Et vous, alors ? Quelles sont les personnes que vous avez envie de remercier ? Dans quelle mesure vous leur dites ? Comment savoir s’ils se sentent reconnus par vous ? Laissez-nous un commentaire pour nous le raconter…

coaching professionnel manque de reconnaissance au travail

 

2 réflexions au sujet de « Vous manquez de reconnaissance au travail ? »

  1. Bonjour, sur le manque de reconnaissance au travail il me semble que dans votre approche il manque la recherche d’une amélioration de la qualité relationnelle entre l’employé qui souffre de ce manque et son patron ou supérieur hiérarchique « auteur » de la frustration.

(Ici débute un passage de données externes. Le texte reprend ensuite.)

(* Let $C\ge 8$ and let $p=p(n)$ satisfy $0<p\le 2/n$ and $n^2p=\omega(1)$. Let $H$ be an $n$-vertex connected graph with maximum degree $\Delta\le n^2p/(4800C)$. Let $G=G(n,p)$ on $V(H)$ and $R=H\cup G$. Then whp $R$ contains vertex-disjoint connected subgraphs $R_1,\dots,R_m$ such that (1) $96C\Delta(np)^{-1}\le |V(R_i)|\le 192C\Delta(np)^{-1}$ for each $i\in[m]$, and (2) $m\ge n^2p/(9600C\Delta)$.
   Context: $G(n,p)$ is the binomial random graph on $n$ vertices (each pair independently an edge with probability $p$). Asymptotics are as $n\to\infty$; whp means with probability $1-o(1)$. *)

theory Defs
  imports "HOL-Probability.Probability"
begin

definition pairs_on :: "nat set \<Rightarrow> nat set set" where
  "pairs_on V = {e. \<exists>i j. i \<in> V \<and> j \<in> V \<and> i \<noteq> j \<and> e = {i, j}}"

definition graph_on :: "nat set \<Rightarrow> nat set set \<Rightarrow> bool" where
  "graph_on V E \<longleftrightarrow> E \<subseteq> pairs_on V"

definition connected_graph :: "nat set \<Rightarrow> nat set set \<Rightarrow> bool" where
  "connected_graph V E \<longleftrightarrow> V \<noteq> {} \<and>
     (\<forall>u\<in>V. \<forall>v\<in>V. (\<lambda>x y. {x, y} \<in> E)\<^sup>*\<^sup>* u v)"

definition degree :: "nat set set \<Rightarrow> nat \<Rightarrow> nat" where
  "degree E v = card {u. {u, v} \<in> E}"

definition max_degree :: "nat \<Rightarrow> nat set set \<Rightarrow> nat" where
  "max_degree n E = Max ((\<lambda>v. degree E v) ` {..<n})"

definition Gnp :: "nat \<Rightarrow> real \<Rightarrow> (nat set \<Rightarrow> bool) pmf" where
  "Gnp n p = Pi_pmf (pairs_on {..<n}) False (\<lambda>_. bernoulli_pmf p)"

definition edges_of :: "nat \<Rightarrow> (nat set \<Rightarrow> bool) \<Rightarrow> nat set set" where
  "edges_of n f = {e \<in> pairs_on {..<n}. f e}"
(* Let $(b,0)$ be a tree over $X$. Then $X$ is totally bounded with respect to every metric on $X$ which is intrinsic with respect to some measure $m$ on $X$ with $m(X)<\infty$ if and only if every function of finite energy is bounded, i.e. $\widetilde D\subseteq\ell^\infty(X)$.
   Context: A weighted graph $(b,c)$ over a countably infinite set $X$ consists of a symmetric $b:X\times X\to[0,\infty)$ with $b(x,x)=0$ and $\sum_y b(x,y)<\infty$ for all $x$, and $c:X\to[0,\infty)$; here $c\equiv0$. A path is a finite sequence $(x_0,\dots,x_n)$ of pairwise distinct vertices with $b(x_{i-1},x_i)>0$. The graph is a tree if it is connected (any two distinct vertices are joined by a path) and there is no path $(x_0,\dots,x_n)$ with $n\ge2$ and $b(x_n,x_0)>0$. $\widetilde Q(f)=\frac12\sum_{x,y}b(x,y)|f(x)-f(y)|^2$ and $\widetilde D=\{f:X\to\mathbb C:\widetilde Q(f)<\infty\}$. A measure on $X$ is $m:X\to[0,\infty)$ with $m(A)=\sum_{x\in A}m(x)$; a metric $\sigma$ on $X$ is intrinsic with respect to $m$ if $\frac12\sum_y b(x,y)\sigma(x,y)^2\le m(x)$ for all $x$. *)

theory Defs
  imports "HOL-Analysis.Analysis"
begin

text \<open>A weighted graph (b,0) over the vertex type 'a (c = 0).\<close>
definition weighted_graph :: "('a \<Rightarrow> 'a \<Rightarrow> real) \<Rightarrow> bool" where
  "weighted_graph b \<longleftrightarrow>
     (\<forall>x y. 0 \<le> b x y) \<and> (\<forall>x y. b x y = b y x) \<and> (\<forall>x. b x x = 0) \<and>
     (\<forall>x. (b x) summable_on UNIV)"

definition is_path :: "('a \<Rightarrow> 'a \<Rightarrow> real) \<Rightarrow> 'a list \<Rightarrow> bool" where
  "is_path b p \<longleftrightarrow> p \<noteq> [] \<and> distinct p \<and>
     (\<forall>i. Suc i < length p \<longrightarrow> 0 < b (p ! i) (p ! Suc i))"

definition is_tree :: "('a \<Rightarrow> 'a \<Rightarrow> real) \<Rightarrow> bool" where
  "is_tree b \<longleftrightarrow>
     (\<forall>x y. x \<noteq> y \<longrightarrow> (\<exists>p. is_path b p \<and> hd p = x \<and> last p = y)) \<and>
     \<not> (\<exists>p. is_path b p \<and> 3 \<le> length p \<and> 0 < b (last p) (hd p))"

definition intrinsic :: "('a \<Rightarrow> 'a \<Rightarrow> real) \<Rightarrow> ('a \<Rightarrow> real) \<Rightarrow> ('a \<Rightarrow> 'a \<Rightarrow> real) \<Rightarrow> bool" where
  "intrinsic b m \<sigma> \<longleftrightarrow>
     (\<forall>x. (\<lambda>y. b x y * (\<sigma> x y)\<^sup>2) summable_on UNIV \<and>
          (1/2) * (\<Sum>\<^sub>\<infinity>y. b x y * (\<sigma> x y)\<^sup>2) \<le> m x)"

definition finite_energy :: "('a \<Rightarrow> 'a \<Rightarrow> real) \<Rightarrow> ('a \<Rightarrow> complex) \<Rightarrow> bool" where
  "finite_energy b f \<longleftrightarrow>
     (\<lambda>(x, y). b x y * (cmod (f x - f y))\<^sup>2) summable_on UNIV"

end

theory Submission
  imports Defs
begin

text \<open>
  (\<Longrightarrow>) For \<open>f\<close> of finite energy choose weights \<open>w > 0\<close> with \<open>\<Sum>\<^sub>x w(x)^2 deg(x) < \<infinity>\<close>.
  Then \<open>d(x,y) = |f(x) - f(y)| + w(x) + w(y)\<close> (for \<open>x \<noteq> y\<close>) is a metric with
  \<open>\<Sum>\<^sub>x\<^sub>,\<^sub>y b(x,y) d(x,y)^2 < \<infinity>\<close>, hence intrinsic for the finite measure
  \<open>m(x) = 1/2 \<Sum>\<^sub>y b(x,y) d(x,y)^2\<close>. Finitely many \<open>d\<close>-balls of radius 1 cover \<open>X\<close>, and \<open>f\<close>
  varies by less than 1 on each of them.

  (\<Longleftarrow>) Let \<open>\<sigma>\<close> be intrinsic for a finite \<open>m\<close> but not totally bounded: for some \<open>\<epsilon> > 0\<close>
  every finite set has an \<open>\<epsilon>\<close>-far point. Choose \<open>N : X \<rightarrow> \<nat>\<close> with finite sublevel sets and
  \<open>\<Sum>\<^sub>x 4^N(x) m(x) < \<infinity>\<close>, and put \<open>c(x,y) = \<sigma>(x,y) sqrt(4^N(x) + 4^N(y))\<close>. Then
  \<open>\<Sum>\<^sub>x\<^sub>,\<^sub>y b(x,y) c(x,y)^2 \<le> 4 \<Sum>\<^sub>x 4^N(x) m(x) < \<infinity>\<close>, so the \<open>c\<close>-length distance from a
  fixed root along paths has finite energy and is therefore bounded. Yet a path from the root to a
  point \<open>\<epsilon>\<close>-far from the root and from \<open>{N \<le> K}\<close> covers \<open>\<sigma>\<close>-length \<open>\<epsilon>\<close> outside \<open>{N \<le> K}\<close>,
  where \<open>c \<ge> 2^K \<sigma>\<close>; so that distance is unbounded.
\<close>

lemma summable_on_plus_swap:
  fixes g :: "'a \<Rightarrow> 'a \<Rightarrow> real"
  assumes "(\<lambda>(x, y). g x y) summable_on UNIV"
  shows "(\<lambda>(x, y). g x y + g y x) summable_on UNIV"
proof -
  have "(\<lambda>(x, y). g y x) summable_on UNIV"
    using assms summable_on_swap[of "\<lambda>(x, y). g x y" UNIV UNIV] by simp
  with assms have "(\<lambda>z. (\<lambda>(x, y). g x y) z + (\<lambda>(x, y). g y x) z) summable_on UNIV"
    by (rule summable_on_add)
  then show ?thesis by (simp only: case_prod_unfold)
qed

lemma summable_on_half_pow_to_nat: "(\<lambda>x::'a::countable. (1/2 :: real) ^ to_nat x) summable_on UNIV"
proof -
  have "(\<lambda>n::nat. (1/2 :: real) ^ n) summable_on range (to_nat :: 'a \<Rightarrow> nat)"
    by (rule summable_on_subset_banach[of _ UNIV])
      (auto simp: summable_on_UNIV_nonneg_real_iff intro: summable_geometric)
  then show ?thesis
    by (subst (asm) summable_on_reindex) (auto simp: o_def)
qed

lemma ex_pos_summable_on_times:
  fixes h :: "'a::countable \<Rightarrow> real"
  assumes "\<And>x. 0 \<le> h x"
  obtains v where "\<And>x. 0 < v x" and "(\<lambda>x. v x * h x) summable_on UNIV"
proof
  let ?v = "\<lambda>x. (1/2 :: real) ^ to_nat x / (1 + h x)"
  show "0 < ?v x" for x
    using assms[of x] by simp
  show "(\<lambda>x. ?v x * h x) summable_on UNIV"
  proof (rule summable_on_comparison_test[OF summable_on_half_pow_to_nat])
    fix x :: 'a
    have "h x / (1 + h x) \<le> 1"
      using assms[of x] by simp
    then show "?v x * h x \<le> (1/2) ^ to_nat x"
      using mult_left_mono[of "h x / (1 + h x)" 1 "(1/2 :: real) ^ to_nat x"] by simp
    show "0 \<le> ?v x * h x"
      using assms[of x] by simp
  qed
qed

lemma ex_finite_small_tail:
  fixes m :: "'a \<Rightarrow> real"
  assumes "m summable_on UNIV" and "\<And>x. 0 \<le> m x" and "0 < e"
  obtains G where "finite G" and "\<And>S. finite S \<Longrightarrow> S \<inter> G = {} \<Longrightarrow> sum m S \<le> e"
proof -
  obtain G where G: "finite G" "dist (sum m G) (infsum m UNIV) \<le> e"
    using has_sum_finite_approximation[OF has_sum_infsum[OF assms(1)] assms(3)] by auto
  have "sum m S \<le> e" if "finite S" "S \<inter> G = {}" for S
  proof -
    have "sum m G + sum m S = sum m (G \<union> S)"
      using that G(1) by (simp add: sum.union_disjoint Int_commute)
    also have "\<dots> \<le> infsum m UNIV"
      using that G(1) assms by (intro finite_sum_le_infsum) auto
    finally show ?thesis
      using G(2) by (auto simp: dist_real_def)
  qed
  with G(1) that show ?thesis by blast
qed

    Il n’est pas absolument certain que celui-ci se rendre compte de la situation qu’il créée. Il sait évidemment qu’il ne gratifie pas, mais il ne « sait » pas forcément (« savoir » pris au sens d’une prise de conscience) ce que cela génère comme frustration, ou en tout cas n’a pas forcément conscience du niveau (de l’importance) de la frustration.

    Un dialogue n’étant pas toujours facile à mettre en place directement entre les deux parties pour des raisons faciles à imaginer, l’intervention d’un tiers (genre médiateur ou personne connue pour son indépendance de jugement et ayant l’écoute du patron auteur de la situation), peut permettre de faire évoluer les choses et à le mérite de provoquer un changement sur du long terme, pouvant être aussi bénéfique à d’autres personnes de l’entreprise qui sont de facto et pour cause d’origine identique, dans la même situation.

    Qu’en pensez-vous ?
    Cordialement

    1. Merci pour ce commentaire, Alexandre. Effectivement, vous avez raison. Il existe plusieurs manières de venir à bout d’une situation problématique ayant pour cause le manque de reconnaissance au travail, et l’amélioration de la qualité relationnelle entre manager et managé en est une.
      Comme je l’ai écrit, tout le monde n’est pas « égal » devant le don de signes de reconnaissance.
      L’intervention d’un tiers, tel médiateur ou coach professionnel pour l’amélioration d’une telle situation, peut constituer une vraie porte de sortie par le haut, et pour les deux parties.